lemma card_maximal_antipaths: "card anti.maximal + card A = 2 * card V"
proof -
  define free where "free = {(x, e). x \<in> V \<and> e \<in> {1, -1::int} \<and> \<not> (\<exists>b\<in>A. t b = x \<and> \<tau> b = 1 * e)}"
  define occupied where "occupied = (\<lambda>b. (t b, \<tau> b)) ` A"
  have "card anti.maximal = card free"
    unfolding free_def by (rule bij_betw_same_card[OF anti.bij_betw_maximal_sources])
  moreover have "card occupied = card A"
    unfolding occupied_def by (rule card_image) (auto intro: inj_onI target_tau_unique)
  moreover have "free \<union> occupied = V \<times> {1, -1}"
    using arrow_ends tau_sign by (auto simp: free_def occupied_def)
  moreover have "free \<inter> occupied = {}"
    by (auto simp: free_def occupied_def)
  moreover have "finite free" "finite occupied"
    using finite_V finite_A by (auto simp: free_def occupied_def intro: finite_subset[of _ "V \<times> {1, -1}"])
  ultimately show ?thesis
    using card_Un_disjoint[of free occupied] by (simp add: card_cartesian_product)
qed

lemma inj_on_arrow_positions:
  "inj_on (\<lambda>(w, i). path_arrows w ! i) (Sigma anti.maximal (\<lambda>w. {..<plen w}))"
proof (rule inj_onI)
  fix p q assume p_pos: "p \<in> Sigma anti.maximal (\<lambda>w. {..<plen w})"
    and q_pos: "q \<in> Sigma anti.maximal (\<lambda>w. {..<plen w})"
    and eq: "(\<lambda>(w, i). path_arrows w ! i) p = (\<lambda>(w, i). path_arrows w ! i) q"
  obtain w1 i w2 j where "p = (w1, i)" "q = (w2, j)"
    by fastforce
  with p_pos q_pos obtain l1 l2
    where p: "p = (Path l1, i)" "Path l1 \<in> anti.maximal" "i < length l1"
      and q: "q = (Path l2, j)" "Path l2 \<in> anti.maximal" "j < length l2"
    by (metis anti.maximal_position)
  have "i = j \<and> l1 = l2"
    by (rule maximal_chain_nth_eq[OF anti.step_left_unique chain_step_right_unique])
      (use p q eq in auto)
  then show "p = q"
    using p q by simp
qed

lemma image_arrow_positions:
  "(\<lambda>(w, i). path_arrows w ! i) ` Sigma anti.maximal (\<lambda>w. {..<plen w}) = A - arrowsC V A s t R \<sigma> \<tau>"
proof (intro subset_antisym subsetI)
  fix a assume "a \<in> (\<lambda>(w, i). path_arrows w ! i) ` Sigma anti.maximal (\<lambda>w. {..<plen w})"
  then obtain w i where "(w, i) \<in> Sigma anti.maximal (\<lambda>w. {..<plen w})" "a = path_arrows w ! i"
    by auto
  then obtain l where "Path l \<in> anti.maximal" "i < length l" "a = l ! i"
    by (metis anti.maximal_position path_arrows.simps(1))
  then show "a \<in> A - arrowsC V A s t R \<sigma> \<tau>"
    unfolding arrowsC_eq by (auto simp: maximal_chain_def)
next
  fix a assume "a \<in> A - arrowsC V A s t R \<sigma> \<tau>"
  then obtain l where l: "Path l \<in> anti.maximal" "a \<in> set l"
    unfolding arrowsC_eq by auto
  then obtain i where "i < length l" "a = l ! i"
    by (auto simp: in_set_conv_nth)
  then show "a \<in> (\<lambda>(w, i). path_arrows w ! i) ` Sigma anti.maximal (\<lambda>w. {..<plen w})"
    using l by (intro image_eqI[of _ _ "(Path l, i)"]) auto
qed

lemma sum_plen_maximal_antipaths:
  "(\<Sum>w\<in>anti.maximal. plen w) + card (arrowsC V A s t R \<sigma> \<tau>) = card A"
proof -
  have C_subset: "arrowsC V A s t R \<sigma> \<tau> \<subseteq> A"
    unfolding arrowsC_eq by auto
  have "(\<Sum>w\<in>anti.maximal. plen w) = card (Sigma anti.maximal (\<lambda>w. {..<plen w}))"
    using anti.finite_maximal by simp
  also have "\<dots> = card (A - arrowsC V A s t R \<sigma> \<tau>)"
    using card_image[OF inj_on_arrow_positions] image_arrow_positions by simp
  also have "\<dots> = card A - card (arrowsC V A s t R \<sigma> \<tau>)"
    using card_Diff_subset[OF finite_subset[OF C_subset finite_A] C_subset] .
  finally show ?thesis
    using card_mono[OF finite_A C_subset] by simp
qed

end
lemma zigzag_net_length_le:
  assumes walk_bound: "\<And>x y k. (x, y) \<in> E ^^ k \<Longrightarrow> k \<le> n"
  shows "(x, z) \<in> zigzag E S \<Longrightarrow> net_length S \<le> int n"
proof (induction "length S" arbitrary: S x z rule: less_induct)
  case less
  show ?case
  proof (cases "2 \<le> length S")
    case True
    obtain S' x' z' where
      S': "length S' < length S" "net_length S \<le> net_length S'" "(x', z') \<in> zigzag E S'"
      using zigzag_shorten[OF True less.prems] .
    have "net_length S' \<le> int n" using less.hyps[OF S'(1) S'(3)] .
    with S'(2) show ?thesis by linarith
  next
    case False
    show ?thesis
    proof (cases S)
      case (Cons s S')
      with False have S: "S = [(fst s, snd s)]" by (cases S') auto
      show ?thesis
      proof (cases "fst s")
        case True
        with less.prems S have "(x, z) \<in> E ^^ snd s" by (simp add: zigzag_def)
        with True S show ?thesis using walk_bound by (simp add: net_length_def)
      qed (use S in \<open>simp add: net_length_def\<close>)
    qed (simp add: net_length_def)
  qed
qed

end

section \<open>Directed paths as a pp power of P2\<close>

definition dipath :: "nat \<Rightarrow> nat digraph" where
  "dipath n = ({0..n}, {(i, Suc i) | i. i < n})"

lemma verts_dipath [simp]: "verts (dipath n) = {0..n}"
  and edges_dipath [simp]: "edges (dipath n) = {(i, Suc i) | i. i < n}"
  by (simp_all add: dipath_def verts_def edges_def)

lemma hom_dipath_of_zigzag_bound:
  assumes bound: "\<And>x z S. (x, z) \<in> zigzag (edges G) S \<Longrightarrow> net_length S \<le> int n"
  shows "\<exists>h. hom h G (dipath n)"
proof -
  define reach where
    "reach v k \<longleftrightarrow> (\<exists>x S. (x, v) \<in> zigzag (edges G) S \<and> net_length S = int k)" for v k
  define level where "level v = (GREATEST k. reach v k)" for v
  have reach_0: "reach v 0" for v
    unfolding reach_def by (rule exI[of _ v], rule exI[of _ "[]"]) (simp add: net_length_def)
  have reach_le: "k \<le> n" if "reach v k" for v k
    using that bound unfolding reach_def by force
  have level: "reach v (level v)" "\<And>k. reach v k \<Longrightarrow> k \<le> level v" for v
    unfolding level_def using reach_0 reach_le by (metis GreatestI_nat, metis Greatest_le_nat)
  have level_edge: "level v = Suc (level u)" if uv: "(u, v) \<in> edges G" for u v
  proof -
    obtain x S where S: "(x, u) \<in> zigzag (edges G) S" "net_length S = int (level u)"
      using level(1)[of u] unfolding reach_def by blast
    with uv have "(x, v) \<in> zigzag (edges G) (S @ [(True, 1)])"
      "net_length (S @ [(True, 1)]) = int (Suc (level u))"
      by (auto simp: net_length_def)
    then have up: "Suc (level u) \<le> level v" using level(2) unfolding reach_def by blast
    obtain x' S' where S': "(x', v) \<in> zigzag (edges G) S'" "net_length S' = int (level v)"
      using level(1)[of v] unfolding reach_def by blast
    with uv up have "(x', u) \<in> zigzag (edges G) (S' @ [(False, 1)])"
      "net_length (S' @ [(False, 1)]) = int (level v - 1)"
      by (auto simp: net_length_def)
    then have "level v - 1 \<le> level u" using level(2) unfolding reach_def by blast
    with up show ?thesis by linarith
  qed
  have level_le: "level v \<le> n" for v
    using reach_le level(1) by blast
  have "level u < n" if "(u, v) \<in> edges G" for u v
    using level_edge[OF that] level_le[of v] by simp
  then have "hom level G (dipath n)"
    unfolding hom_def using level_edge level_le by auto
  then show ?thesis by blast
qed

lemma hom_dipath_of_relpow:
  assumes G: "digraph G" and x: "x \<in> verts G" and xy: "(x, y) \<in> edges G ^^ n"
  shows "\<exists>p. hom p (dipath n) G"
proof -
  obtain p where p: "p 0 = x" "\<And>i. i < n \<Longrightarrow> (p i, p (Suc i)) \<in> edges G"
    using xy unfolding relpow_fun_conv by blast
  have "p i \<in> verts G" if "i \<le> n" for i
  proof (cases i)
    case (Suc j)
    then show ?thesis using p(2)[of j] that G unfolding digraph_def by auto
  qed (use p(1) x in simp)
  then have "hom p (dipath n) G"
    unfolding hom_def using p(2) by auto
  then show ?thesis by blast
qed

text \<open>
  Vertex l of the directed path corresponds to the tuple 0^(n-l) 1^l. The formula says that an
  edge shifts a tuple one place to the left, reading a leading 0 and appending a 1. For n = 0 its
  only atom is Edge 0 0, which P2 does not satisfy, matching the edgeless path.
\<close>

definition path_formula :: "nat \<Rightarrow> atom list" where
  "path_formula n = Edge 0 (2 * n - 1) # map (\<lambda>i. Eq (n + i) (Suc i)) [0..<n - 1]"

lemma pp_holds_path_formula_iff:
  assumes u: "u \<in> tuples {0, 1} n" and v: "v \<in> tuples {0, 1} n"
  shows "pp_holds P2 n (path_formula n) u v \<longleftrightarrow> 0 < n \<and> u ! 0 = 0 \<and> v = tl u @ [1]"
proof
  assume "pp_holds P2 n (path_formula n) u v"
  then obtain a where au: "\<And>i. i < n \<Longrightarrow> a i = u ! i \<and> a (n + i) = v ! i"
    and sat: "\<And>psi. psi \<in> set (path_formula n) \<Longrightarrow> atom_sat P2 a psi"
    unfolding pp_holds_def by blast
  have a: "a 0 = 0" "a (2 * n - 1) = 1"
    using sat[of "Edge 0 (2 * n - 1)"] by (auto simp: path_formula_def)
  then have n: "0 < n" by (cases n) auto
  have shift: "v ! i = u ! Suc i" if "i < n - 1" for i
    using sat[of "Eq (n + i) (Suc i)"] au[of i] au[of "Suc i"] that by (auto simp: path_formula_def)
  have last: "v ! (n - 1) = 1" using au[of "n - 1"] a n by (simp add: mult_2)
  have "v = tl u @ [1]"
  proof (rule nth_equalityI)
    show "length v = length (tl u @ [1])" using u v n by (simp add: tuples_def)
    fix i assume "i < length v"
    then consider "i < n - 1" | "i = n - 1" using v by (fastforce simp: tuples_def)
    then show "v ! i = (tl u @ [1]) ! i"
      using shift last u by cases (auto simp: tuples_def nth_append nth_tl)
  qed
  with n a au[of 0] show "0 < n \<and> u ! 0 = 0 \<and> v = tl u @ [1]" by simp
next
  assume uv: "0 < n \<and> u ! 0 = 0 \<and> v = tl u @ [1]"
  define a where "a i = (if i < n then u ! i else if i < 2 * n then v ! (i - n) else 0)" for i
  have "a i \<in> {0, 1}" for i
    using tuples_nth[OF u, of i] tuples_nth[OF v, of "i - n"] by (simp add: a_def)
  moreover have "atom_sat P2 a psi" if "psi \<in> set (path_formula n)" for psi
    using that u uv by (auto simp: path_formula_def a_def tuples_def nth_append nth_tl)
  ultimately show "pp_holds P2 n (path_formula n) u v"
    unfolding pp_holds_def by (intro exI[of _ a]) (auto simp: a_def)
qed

○ ○ ○ ○

**WORK ORDER:** Would you copy out exactly the lines above that start at the one containing "(use p q eq in auto)" and end at the one containing "proof (intro subset_antisym subsetI)", inclusive?

**WRITTEN ANSWER:**
      (use p q eq in auto)
  then show "p = q"
    using p q by simp
qed

lemma image_arrow_positions:
  "(\<lambda>(w, i). path_arrows w ! i) ` Sigma anti.maximal (\<lambda>w. {..<plen w}) = A - arrowsC V A s t R \<sigma> \<tau>"
proof (intro subset_antisym subsetI)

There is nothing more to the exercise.